我们已经结束了 memblock 结构体的初始化讲解,现在我们要开始看内存块 API 和它的实现了。就像我上面说过的,所有 memblock 的实现都在 mm/memblock.c 中。为了理解 memblock 是怎样被实现和工作的,让我们先看看它的用法。内核中有很多地方用到了内存块。举个例子,我们来看看 arch/x86/kernel/e820.c 中的 memblock_x86_fill 函数。这个函数使用了 e820 提供的内存映射并使用 memblock_add 函数在 memblock 中添加了内核保留的内存区域。既然我们首先遇到了 memblock_add 函数,让我们从它开始讲解吧。

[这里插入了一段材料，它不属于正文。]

text \<open>Principle of virtual work: the work of the edge weights on the strains equals the work of
  the resultant forces on the velocities. The rigidity matrix and its transpose are adjoint.\<close>
lemma virtual_work:
  assumes "finite V" "\<Union>E \<subseteq> V" "finite E"
  shows "(\<Sum>e\<in>E. lam e * bar_strain V p q e) = (\<Sum>v\<in>V. q v \<bullet> stress_force E p lam v)"
proof -
  have "(\<Sum>e\<in>E. lam e * bar_strain V p q e)
      = (\<Sum>e\<in>E. \<Sum>v\<in>V. \<Sum>j\<in>V. if e = {v, j} then lam e * (q v \<bullet> (p v - p j)) else 0)"
    by (simp add: bar_strain_def sum_distrib_left if_distrib cong: if_cong)
  also have "\<dots> = (\<Sum>v\<in>V. \<Sum>j\<in>V. \<Sum>e\<in>E. if e = {v, j} then lam e * (q v \<bullet> (p v - p j)) else 0)"
    by (subst sum.swap) (subst sum.swap, simp)
  also have "\<dots> = (\<Sum>v\<in>V. \<Sum>j\<in>V. if {v, j} \<in> E then lam {v, j} * (q v \<bullet> (p v - p j)) else 0)"
    using assms(3) by (simp add: sum.delta)
  also have "\<dots> = (\<Sum>v\<in>V. q v \<bullet> stress_force E p lam v)"
    using assms by (simp add: stress_force_over inner_sum_right if_distrib[of "inner _"] cong: if_cong)
  finally show ?thesis .
qed

lemma stress_annihilates_velocity:
  assumes "finite V" "\<Union>E \<subseteq> V" "finite E" "self_stress I P E p lam" "\<And>v. v \<notin> I \<Longrightarrow> q v = 0"
  shows "(\<Sum>e\<in>E. lam e * bar_strain V p q e) = 0"
proof -
  have "q v \<bullet> stress_force E p lam v = 0" for v
    using assms(4) assms(5)[of v] by (cases "v \<in> I") (auto simp: self_stress_iff_force)
  then show ?thesis by (simp add: virtual_work[OF assms(1-3)])
qed

lemma stress_force_linear:
  assumes "finite E" "simple_edges E"
  shows "(\<Sum>e\<in>E. c e *\<^sub>R stress_force E p (unit_edge e) v) = stress_force E p c v"
proof -
  have "(\<Sum>e\<in>E. c e *\<^sub>R stress_force E p (unit_edge e) v)
      = (\<Sum>e\<in>E. \<Sum>j\<in>{j. {v, j} \<in> E}. (if {v, j} = e then c e else 0) *\<^sub>R (p v - p j))"
    unfolding stress_force_def unit_edge_def by (simp add: scaleR_sum_right) (intro sum.cong refl; simp)
  also have "\<dots> = (\<Sum>j\<in>{j. {v, j} \<in> E}. \<Sum>e\<in>E. (if {v, j} = e then c e else 0) *\<^sub>R (p v - p j))"
    by (rule sum.swap)
  also have "\<dots> = stress_force E p c v"
    using assms(1) unfolding stress_force_def
    by (intro sum.cong) (auto simp: if_distrib[of "\<lambda>x. x *\<^sub>R _"] sum.delta' cong: if_cong)
  finally show ?thesis .
qed

lemma motion_linear_combination:
  assumes "\<And>k. k \<in> K \<Longrightarrow> first_order_motion I P E p (w k)"
  shows "first_order_motion I P E p (\<lambda>v. \<Sum>k\<in>K. c k *\<^sub>R w k v)"
  using assms unfolding first_order_motion_def
  by (auto simp: sum_subtractf[symmetric] inner_sum_right scaleR_diff_right[symmetric] intro!: sum.neutral)

text \<open>A first-order motion that is the negative of a resultant force on the inner vertices is
  zero: by virtual work its squared norm equals the work of the forces on a motion, which is 0.\<close>
lemma motion_orthogonal_to_force_vanishes:
  assumes I: "finite I" and E: "finite E" "simple_edges E"
    and mot: "first_order_motion I P E p q"
    and opp: "\<And>v. v \<in> I \<Longrightarrow> q v = - stress_force E p lam v"
  shows "q = (\<lambda>_. 0)"
proof -
  define V where "V = I \<union> \<Union>E"
  have V: "finite V" "\<Union>E \<subseteq> V" "I \<subseteq> V"
    using I finite_Union_simple_edges[OF E] by (auto simp: V_def)
  have off: "v \<notin> I \<Longrightarrow> q v = 0" for v using mot by (simp add: first_order_motion_def)
  have "q v \<bullet> q v = - (q v \<bullet> stress_force E p lam v)" for v
    by (cases "v \<in> I") (simp_all add: opp off)
  then have "(\<Sum>v\<in>V. q v \<bullet> q v) = - (\<Sum>v\<in>V. q v \<bullet> stress_force E p lam v)"
    by (simp add: sum_negf)
  also have "(\<Sum>v\<in>V. q v \<bullet> stress_force E p lam v) = (\<Sum>e\<in>E. lam e * bar_strain V p q e)"
    by (rule virtual_work[OF V(1,2) E(1), symmetric])
  also have "\<dots> = 0"
    using motion_bar_strain_zero[OF mot V(1,2) E(2)] by simp
  finally have "(\<Sum>v\<in>V. q v \<bullet> q v) = 0" by simp
  then have "\<forall>v\<in>V. q v \<bullet> q v = 0"
    using V(1) by (subst (asm) sum_nonneg_eq_0_iff) auto
  then show ?thesis using off V(3) by (auto simp: fun_eq_iff)
qed

section \<open>Maxwell counting\<close>

text \<open>Maxwell's bound for independent frameworks: the unit-edge forces and any independent family
  of first-order motions are jointly independent velocity fields on I, hence there are at most 2|I|.\<close>
lemma independent_framework_count:
  fixes w :: "'k \<Rightarrow> 'v config"
  assumes I: "finite I" and E: "finite E" "simple_edges E"
    and indep: "independent_fw I P E p"
    and K: "finite K" and mot: "\<And>k. k \<in> K \<Longrightarrow> first_order_motion I P E p (w k)"
    and wind: "\<And>c. (\<Sum>k\<in>K. scale_fun (c k) (w k)) = 0 \<Longrightarrow> \<forall>k\<in>K. c k = 0"
  shows "card E + card K \<le> 2 * card I"
proof -
  define force where "force e = (\<lambda>v. if v \<in> I then stress_force E p (unit_edge e) v else 0)" for e
  define f where "f x = (case x of Inl e \<Rightarrow> force e | Inr k \<Rightarrow> w k)" for x
  define X where "X = Inl ` E \<union> Inr ` K"
  have card_X: "card X = card E + card K"
    unfolding X_def using E K by (subst card_Un_disjoint) (auto simp: card_image)
  have "card X \<le> card (case_prod unit_velocity ` (I \<times> (UNIV::2 set)))"
  proof (rule card_le_if_independent_in_span)
    show "finite X" using E K by (simp add: X_def)
    show "finite (case_prod unit_velocity ` (I \<times> (UNIV::2 set)))" using I by simp
    have "f x v = 0" if "x \<in> X" "v \<notin> I" for x v
      using that mot by (auto simp: X_def f_def force_def first_order_motion_def)
    then show "f ` X \<subseteq> module.span scale_fun (case_prod unit_velocity ` (I \<times> UNIV))"
      using span_unit_velocities[OF I] by blast
  next
    fix c assume s: "(\<Sum>x\<in>X. scale_fun (c x) (f x)) = 0"
    define lam where "lam e = c (Inl e)" for e
    define W where "W v = (\<Sum>k\<in>K. c (Inr k) *\<^sub>R w k v)" for v
    have split: "(\<Sum>x\<in>X. scale_fun (c x) (f x)) v
        = (if v \<in> I then stress_force E p lam v else 0) + W v" for v
    proof -
      have "(\<Sum>x\<in>X. scale_fun (c x) (f x)) v
          = (\<Sum>e\<in>E. c (Inl e) *\<^sub>R force e v) + W v"
        unfolding X_def W_def using E K
        by (subst sum.union_disjoint) (auto simp: sum.reindex f_def sum_fun_apply)
      then show ?thesis
        using stress_force_linear[OF E, of lam p v] by (simp add: force_def lam_def)
    qed
    have W_motion: "first_order_motion I P E p W"
      unfolding W_def by (rule motion_linear_combination) (rule mot)
    have W0: "W = (\<lambda>_. 0)"
    proof (rule motion_orthogonal_to_force_vanishes[OF I E W_motion])
      fix v assume "v \<in> I"
      with s split[of v] show "W v = - stress_force E p lam v"
        by (simp add: eq_neg_iff_add_eq_0 add.commute)
    qed
    have "(\<Sum>k\<in>K. scale_fun (c (Inr k)) (w k)) = 0"
      using W0 by (simp add: fun_eq_iff sum_fun_apply W_def)
    then have cK: "\<forall>k\<in>K. c (Inr k) = 0" by (rule wind)
    have "stress_force E p lam i = 0" if "i \<in> I" for i
      using split[of i] that s W0 by simp
    then have "self_stress I P E p lam" by (simp add: self_stress_iff_force)
    then have "\<forall>e\<in>E. lam e = 0" using indep by (simp add: independent_fw_def)
    with cK show "\<forall>x\<in>X. c x = 0" by (auto simp: X_def lam_def)
  qed
  also have "\<dots> \<le> card (I \<times> (UNIV::2 set))"
    using I by (intro card_image_le) simp
  finally show ?thesis using card_X by (simp add: card_cartesian_product)
qed

lemma unit_velocity_coefficient:
  assumes "finite I" "i \<in> I"
  shows "(\<Sum>x\<in>I \<times> UNIV. c x *\<^sub>R case_prod unit_velocity x i) $ k = c (i, k)"
proof -
  have "(\<Sum>x\<in>I \<times> UNIV. c x *\<^sub>R case_prod unit_velocity x i)
      = (\<Sum>a\<in>I. \<Sum>k'\<in>UNIV. c (a, k') *\<^sub>R unit_velocity a k' i)"
    by (simp add: sum.cartesian_product split_beta)
  also have "\<dots> = (\<Sum>a\<in>I. if a = i then (\<Sum>k'\<in>UNIV. c (i, k') *\<^sub>R axis k' 1) else 0)"
    by (intro sum.cong refl) (auto simp: unit_velocity_def)
  also have "\<dots> = (\<Sum>k'\<in>UNIV. c (i, k') *\<^sub>R axis k' (1::real))"
    using assms by simp
  finally show ?thesis
    using exhaust_2[of k] by (auto simp: sum_2 axis_def)
qed

text \<open>Dually, if the only first-order motion is zero, the strains of the 2|I| unit velocities
  are independent edge weights, hence there are at least 2|I| edges.\<close>
lemma rigid_framework_count:
  assumes I: "finite I" and E: "finite E" "simple_edges E"
    and rigid: "\<And>q. first_order_motion I P E p q \<Longrightarrow> q = (\<lambda>_. 0)"
  shows "2 * card I \<le> card E"
proof -
  define V where "V = I \<union> \<Union>E"
  have V: "finite V" "\<Union>E \<subseteq> V" using I finite_Union_simple_edges[OF E] by (auto simp: V_def)
  define f where "f x = (\<lambda>e. if e \<in> E then bar_strain V p (case_prod unit_velocity x) e else 0)"
    for x :: "'a \<times> 2"
  have "card (I \<times> (UNIV::2 set)) \<le> card (unit_edge ` E)"
  proof (rule card_le_if_independent_in_span)
    show "finite (I \<times> (UNIV::2 set))" "finite (unit_edge ` E)" using I E by simp_all
    show "f ` (I \<times> UNIV) \<subseteq> module.span scale_fun (unit_edge ` E)"
      by (auto simp: f_def intro!: span_unit_edges[OF E(1)])
  next
    fix c assume s: "(\<Sum>x\<in>I \<times> UNIV. scale_fun (c x) (f x)) = 0"
    define q where "q v = (\<Sum>x\<in>I \<times> UNIV. c x *\<^sub>R case_prod unit_velocity x v)" for v
    have "first_order_motion I P E p q"
      unfolding first_order_motion_def
    proof (intro conjI allI impI)
      fix v assume "v \<notin> I" then show "q v = 0"
        by (auto simp: q_def unit_velocity_def intro!: sum.neutral)
    next
      fix i j assume ij: "{i, j} \<in> E"
      obtain a b where ab: "{i, j} = {a, b}"
        and strain: "\<And>q. bar_strain V p q {i, j} = (p a - p b) \<bullet> (q a - q b)"
        using bar_strain_edge[OF V E(2) ij] by metis
      have "(p a - p b) \<bullet> (q a - q b)
          = (\<Sum>x\<in>I \<times> UNIV. c x * bar_strain V p (case_prod unit_velocity x) {i, j})"
        by (simp add: strain q_def sum_subtractf[symmetric] inner_sum_right
            scaleR_diff_right[symmetric] sum_distrib_left)
      also have "\<dots> = (\<Sum>x\<in>I \<times> UNIV. scale_fun (c x) (f x)) {i, j}"
        using ij by (simp add: sum_fun_apply f_def)
      finally have "(p a - p b) \<bullet> (q a - q b) = 0" using s by simp
      with ab show "(p i - p j) \<bullet> (q i - q j) = 0"
        by (auto simp: doubleton_eq_iff inner_commute algebra_simps)
    qed
    then have q0: "q = (\<lambda>_. 0)" by (rule rigid)
    show "\<forall>x\<in>I \<times> UNIV. c x = 0"
    proof
      fix x assume "x \<in> I \<times> (UNIV::2 set)"
      then obtain i k where x: "x = (i, k)" "i \<in> I" by auto
      have "c x = q i $ k"
        unfolding q_def x(1) by (rule unit_velocity_coefficient[OF I x(2), symmetric])
      then show "c x = 0" by (simp add: q0)
    qed
  qed
  also have "\<dots> \<le> card E" using E by (simp add: card_image_le)
  finally show ?thesis by (simp add: card_cartesian_product)
qed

这个函数获取了物理基址内存区域的大小并把它们加到了 memblock 中。memblock_add 函数本身没有做任何特殊的事情,它只是调用了

memblock_add_range(&memblock.memory, base, size, MAX_NUMNODES, 0);

函数。我们将内存块类型 - memory,内存基址和内存区域大小,节点的最大数目和标志传进去。如果 CONFIG_NODES_SHIFT 没有被设置,最大节点数目就是 1,否则是 1 << CONFIG_NODES_SHIFTmemblock_add_range 函数将新的内存区域加到了内存块中,它首先检查传入内存区域的大小,如果是 0 就直接返回。然后,这个函数会用 memblock_type 来检查 memblock 中的内存区域是否存在。如果不存在,我们就简单地用给定的值填充一个新的 memory_region 然后返回(我们已经在对内核内存管理框架的初览中看到了它的实现)。如果 memblock_type 不为空,我们就会使用提供的 memblock_type 将新的内存区域加到 memblock 中。

首先,我们获取了内存区域的结束点:

phys_addr_t end = base + memblock_cap_size(base, &size);

memblock_cap_size 调整了 size 使 base + size 不会溢出。它的实现非常简单:

static inline phys_addr_t memblock_cap_size(phys_addr_t base, phys_addr_t *size)
{
	return *size = min(*size, (phys_addr_t)ULLONG_MAX - base);
}

memblock_cap_size 返回了提供的值与 ULLONG_MAX - base 中的较小值作为新的尺寸。

之后,我们获得了新的内存区域的结束地址,memblock_add_range 会检查与已加入内存区域是否重叠以及能否合并。将新的内存区域插入 memblock 包含两步:

  • 将新内存区域的不重叠部分作为单独的区域加入;
  • 合并所有相接的区域。

我们会迭代所有的已存储内存区域来检查是否与新区域重叠:

	for (i = 0; i < type->cnt; i++) {
		struct memblock_region *rgn = &type->regions[i];
		phys_addr_t rbase = rgn->base;
		phys_addr_t rend = rbase + rgn->size;

		if (rbase >= end)
			break;
		if (rend <= base)
			continue;
        ...
		...
		...
	}

如果新的内存区域不与已有区域重叠,直接插入。否则我们会检查这个新内存区域是否合适并调用 memblock_double_array 函数:

while (type->cnt + nr_new > type->max)
	if (memblock_double_array(type, obase, size) < 0)
		return -ENOMEM;
	insert = true;
	goto repeat;

memblock_double_array 会将提供的区域数组长度加倍。然后我们会将 insert 置为 true,接着跳转到 repeat 标签。第二步,我们会从 repeat 标签开始,迭代同样的循环然后使用 memblock_insert_region 函数将当前内存区域插入内存块:

	if (base < end) {
		nr_new++;
		if (insert)
			memblock_insert_region(type, i, base, end - base,
					       nid, flags);
	}

我们在第一步将 insert 置为 true,现在 memblock_insert_region 会检查这个标志。memblock_insert_region 的实现与我们将新区域插入空 memblock_type 的实现(看上面)几乎相同。这个函数会获取最后一个内存区域:

struct memblock_region *rgn = &type->regions[idx];

然后用 memmove 拷贝这部分内存:

memmove(rgn + 1, rgn, (type->cnt - idx) * sizeof(*rgn));

之后我们会填充 memblock_region 域,然后增长 memblock_type 的尺寸。在函数执行的结束,memblock_add_range 会调用 memblock_merge_regions 来在第二步合并相邻可合并的内存区域。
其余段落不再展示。